»»
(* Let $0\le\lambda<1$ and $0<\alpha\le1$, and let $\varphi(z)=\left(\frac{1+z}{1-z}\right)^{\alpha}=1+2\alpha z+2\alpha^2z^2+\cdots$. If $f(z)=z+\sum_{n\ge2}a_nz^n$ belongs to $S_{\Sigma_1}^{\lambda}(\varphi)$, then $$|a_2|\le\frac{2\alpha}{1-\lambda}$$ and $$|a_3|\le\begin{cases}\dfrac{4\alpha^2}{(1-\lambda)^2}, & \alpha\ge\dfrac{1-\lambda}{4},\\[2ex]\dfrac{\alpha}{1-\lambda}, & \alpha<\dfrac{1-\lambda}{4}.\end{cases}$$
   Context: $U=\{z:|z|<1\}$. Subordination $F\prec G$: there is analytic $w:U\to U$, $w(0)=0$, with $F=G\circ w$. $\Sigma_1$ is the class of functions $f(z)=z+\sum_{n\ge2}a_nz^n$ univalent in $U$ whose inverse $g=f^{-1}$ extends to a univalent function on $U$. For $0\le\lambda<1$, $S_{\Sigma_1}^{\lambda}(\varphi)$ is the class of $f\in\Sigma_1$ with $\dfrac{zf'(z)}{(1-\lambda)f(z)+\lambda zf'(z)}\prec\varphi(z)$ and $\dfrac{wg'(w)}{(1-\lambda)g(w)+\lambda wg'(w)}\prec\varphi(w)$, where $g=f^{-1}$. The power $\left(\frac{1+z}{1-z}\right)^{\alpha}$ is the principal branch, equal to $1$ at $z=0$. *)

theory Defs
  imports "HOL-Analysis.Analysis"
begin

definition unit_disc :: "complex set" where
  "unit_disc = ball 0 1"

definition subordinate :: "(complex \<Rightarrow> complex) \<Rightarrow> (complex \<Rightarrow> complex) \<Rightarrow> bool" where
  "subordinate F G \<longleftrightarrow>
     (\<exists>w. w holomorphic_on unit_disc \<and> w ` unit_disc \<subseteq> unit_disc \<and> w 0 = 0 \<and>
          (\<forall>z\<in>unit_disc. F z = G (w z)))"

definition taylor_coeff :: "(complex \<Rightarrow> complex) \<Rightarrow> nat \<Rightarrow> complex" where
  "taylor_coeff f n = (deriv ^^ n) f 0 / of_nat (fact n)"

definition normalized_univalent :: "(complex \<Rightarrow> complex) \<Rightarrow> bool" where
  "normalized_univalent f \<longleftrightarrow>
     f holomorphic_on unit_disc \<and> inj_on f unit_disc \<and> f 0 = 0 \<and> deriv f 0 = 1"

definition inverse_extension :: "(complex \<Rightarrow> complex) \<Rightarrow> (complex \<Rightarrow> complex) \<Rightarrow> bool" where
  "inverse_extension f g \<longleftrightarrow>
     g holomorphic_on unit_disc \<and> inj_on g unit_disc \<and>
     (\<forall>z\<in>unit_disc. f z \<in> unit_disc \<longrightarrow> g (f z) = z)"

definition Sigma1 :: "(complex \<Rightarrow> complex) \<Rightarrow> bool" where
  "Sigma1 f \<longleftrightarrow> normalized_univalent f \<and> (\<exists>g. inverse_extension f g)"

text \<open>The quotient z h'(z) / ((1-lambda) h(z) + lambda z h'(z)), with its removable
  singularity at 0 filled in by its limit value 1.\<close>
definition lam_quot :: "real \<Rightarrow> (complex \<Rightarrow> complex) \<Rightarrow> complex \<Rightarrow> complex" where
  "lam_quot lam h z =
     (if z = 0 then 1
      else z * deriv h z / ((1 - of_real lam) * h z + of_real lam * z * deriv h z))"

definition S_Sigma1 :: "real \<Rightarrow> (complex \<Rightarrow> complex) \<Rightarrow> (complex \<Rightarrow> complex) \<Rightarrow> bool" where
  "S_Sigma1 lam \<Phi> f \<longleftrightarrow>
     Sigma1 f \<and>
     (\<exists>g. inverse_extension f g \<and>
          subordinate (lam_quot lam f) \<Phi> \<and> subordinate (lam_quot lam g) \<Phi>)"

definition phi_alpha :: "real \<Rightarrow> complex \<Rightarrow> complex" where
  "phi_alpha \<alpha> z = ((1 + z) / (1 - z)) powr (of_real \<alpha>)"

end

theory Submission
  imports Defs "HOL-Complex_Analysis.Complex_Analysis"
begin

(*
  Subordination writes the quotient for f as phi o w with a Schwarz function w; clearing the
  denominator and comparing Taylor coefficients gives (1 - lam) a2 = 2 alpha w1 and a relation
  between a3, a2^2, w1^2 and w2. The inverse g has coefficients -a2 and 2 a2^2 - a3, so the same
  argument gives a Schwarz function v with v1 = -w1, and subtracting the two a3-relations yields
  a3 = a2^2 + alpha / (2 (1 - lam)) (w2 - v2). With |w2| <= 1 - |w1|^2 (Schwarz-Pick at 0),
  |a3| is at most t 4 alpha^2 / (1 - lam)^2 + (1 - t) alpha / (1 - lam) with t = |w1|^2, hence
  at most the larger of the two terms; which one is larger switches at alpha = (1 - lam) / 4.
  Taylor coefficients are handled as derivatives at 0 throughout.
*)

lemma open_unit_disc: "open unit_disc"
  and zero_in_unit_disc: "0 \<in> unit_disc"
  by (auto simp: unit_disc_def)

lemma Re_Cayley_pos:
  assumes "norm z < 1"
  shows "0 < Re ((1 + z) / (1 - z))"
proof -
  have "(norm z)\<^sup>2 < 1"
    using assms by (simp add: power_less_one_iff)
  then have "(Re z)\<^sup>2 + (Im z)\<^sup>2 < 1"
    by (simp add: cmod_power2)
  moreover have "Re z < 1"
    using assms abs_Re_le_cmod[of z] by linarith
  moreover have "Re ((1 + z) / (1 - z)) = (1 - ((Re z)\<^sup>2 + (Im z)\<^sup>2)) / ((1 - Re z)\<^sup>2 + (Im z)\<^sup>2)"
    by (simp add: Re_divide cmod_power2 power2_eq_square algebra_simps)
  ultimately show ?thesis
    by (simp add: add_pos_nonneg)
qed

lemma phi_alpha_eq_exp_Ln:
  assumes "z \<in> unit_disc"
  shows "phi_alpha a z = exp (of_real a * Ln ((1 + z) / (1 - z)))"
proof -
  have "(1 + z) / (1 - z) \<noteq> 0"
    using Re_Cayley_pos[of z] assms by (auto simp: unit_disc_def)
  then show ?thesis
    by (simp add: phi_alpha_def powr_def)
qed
««
»»
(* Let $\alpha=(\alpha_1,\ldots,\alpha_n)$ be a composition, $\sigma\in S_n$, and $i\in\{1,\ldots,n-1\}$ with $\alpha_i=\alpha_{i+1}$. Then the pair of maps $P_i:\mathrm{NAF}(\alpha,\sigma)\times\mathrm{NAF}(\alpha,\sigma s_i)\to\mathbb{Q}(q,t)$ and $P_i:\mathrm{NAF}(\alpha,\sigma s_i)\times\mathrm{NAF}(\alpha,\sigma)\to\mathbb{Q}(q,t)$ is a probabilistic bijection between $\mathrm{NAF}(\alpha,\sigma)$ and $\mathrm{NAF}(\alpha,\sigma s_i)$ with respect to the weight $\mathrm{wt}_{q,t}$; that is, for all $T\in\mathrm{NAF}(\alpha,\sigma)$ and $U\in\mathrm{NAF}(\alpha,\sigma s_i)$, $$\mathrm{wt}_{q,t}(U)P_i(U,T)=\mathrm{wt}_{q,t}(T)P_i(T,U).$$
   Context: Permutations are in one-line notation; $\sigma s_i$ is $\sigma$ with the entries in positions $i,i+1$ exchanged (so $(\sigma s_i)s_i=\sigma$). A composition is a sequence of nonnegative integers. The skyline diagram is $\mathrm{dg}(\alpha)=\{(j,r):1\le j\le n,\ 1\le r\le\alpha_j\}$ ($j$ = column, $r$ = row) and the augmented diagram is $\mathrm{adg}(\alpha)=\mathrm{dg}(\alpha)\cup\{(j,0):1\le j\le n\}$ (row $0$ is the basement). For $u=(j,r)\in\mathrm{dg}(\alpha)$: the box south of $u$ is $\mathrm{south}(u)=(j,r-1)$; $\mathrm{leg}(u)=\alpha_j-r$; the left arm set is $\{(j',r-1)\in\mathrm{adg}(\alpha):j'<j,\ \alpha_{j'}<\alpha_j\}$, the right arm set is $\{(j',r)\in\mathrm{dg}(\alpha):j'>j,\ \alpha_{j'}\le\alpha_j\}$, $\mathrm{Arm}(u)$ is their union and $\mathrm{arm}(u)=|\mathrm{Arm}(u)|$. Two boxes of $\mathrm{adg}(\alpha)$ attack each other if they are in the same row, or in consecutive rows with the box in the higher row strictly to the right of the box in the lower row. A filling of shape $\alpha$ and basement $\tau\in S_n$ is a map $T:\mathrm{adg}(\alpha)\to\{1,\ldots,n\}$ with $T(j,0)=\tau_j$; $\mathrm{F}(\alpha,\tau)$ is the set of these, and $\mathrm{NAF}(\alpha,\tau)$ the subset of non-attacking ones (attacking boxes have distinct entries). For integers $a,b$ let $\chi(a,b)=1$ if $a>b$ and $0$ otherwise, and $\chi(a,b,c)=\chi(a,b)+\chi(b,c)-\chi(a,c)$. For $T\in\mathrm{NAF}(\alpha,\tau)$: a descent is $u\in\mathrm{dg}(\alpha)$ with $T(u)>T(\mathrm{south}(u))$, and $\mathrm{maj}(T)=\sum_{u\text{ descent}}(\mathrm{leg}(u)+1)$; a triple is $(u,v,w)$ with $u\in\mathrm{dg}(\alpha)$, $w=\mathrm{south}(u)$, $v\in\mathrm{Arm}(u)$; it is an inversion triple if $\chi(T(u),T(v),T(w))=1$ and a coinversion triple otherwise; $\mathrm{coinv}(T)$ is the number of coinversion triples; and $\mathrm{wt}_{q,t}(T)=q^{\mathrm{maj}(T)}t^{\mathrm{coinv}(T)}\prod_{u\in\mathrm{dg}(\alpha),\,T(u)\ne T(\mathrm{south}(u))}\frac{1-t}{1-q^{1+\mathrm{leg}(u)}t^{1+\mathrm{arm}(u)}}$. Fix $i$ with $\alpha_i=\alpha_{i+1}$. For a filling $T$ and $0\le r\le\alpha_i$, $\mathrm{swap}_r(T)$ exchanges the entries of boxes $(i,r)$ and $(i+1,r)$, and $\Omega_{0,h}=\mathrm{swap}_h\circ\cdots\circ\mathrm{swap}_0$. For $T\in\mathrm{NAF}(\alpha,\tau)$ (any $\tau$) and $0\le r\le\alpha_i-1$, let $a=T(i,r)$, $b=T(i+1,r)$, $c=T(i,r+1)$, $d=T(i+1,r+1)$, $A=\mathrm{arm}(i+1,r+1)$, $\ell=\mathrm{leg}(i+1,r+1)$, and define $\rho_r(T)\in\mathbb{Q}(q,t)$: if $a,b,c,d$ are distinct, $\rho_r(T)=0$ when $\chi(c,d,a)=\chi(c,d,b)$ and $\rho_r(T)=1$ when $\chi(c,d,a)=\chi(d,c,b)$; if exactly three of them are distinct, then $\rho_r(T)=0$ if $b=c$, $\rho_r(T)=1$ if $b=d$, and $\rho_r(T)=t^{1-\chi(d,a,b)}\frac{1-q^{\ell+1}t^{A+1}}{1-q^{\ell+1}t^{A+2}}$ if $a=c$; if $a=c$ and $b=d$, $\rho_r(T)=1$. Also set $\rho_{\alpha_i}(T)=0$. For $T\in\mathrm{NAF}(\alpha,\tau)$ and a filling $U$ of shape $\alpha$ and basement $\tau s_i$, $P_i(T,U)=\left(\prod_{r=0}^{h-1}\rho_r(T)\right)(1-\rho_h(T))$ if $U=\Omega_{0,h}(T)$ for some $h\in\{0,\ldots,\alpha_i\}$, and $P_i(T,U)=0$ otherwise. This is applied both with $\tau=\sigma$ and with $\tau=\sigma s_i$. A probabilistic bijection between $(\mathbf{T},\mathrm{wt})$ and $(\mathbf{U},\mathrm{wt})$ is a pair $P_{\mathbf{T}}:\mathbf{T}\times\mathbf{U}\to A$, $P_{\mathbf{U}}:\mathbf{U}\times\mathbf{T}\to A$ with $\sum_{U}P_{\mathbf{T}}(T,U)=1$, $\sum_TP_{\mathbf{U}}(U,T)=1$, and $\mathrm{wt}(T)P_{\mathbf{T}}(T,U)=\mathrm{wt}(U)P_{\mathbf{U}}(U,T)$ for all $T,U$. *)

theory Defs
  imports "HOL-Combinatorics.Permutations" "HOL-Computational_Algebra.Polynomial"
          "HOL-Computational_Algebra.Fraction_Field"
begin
««
Take the stretch of lines above from the one containing "argument gives a" through the one containing "at most the" and repeat it exactly, adding no other line.

▶ **ANSWER**:
  argument gives a Schwarz function v with v1 = -w1, and subtracting the two a3-relations yields
  a3 = a2^2 + alpha / (2 (1 - lam)) (w2 - v2). With |w2| <= 1 - |w1|^2 (Schwarz-Pick at 0),
  |a3| is at most t 4 alpha^2 / (1 - lam)^2 + (1 - t) alpha / (1 - lam) with t = |w1|^2, hence
  at most the larger of the two terms; which one is larger switches at alpha = (1 - lam) / 4.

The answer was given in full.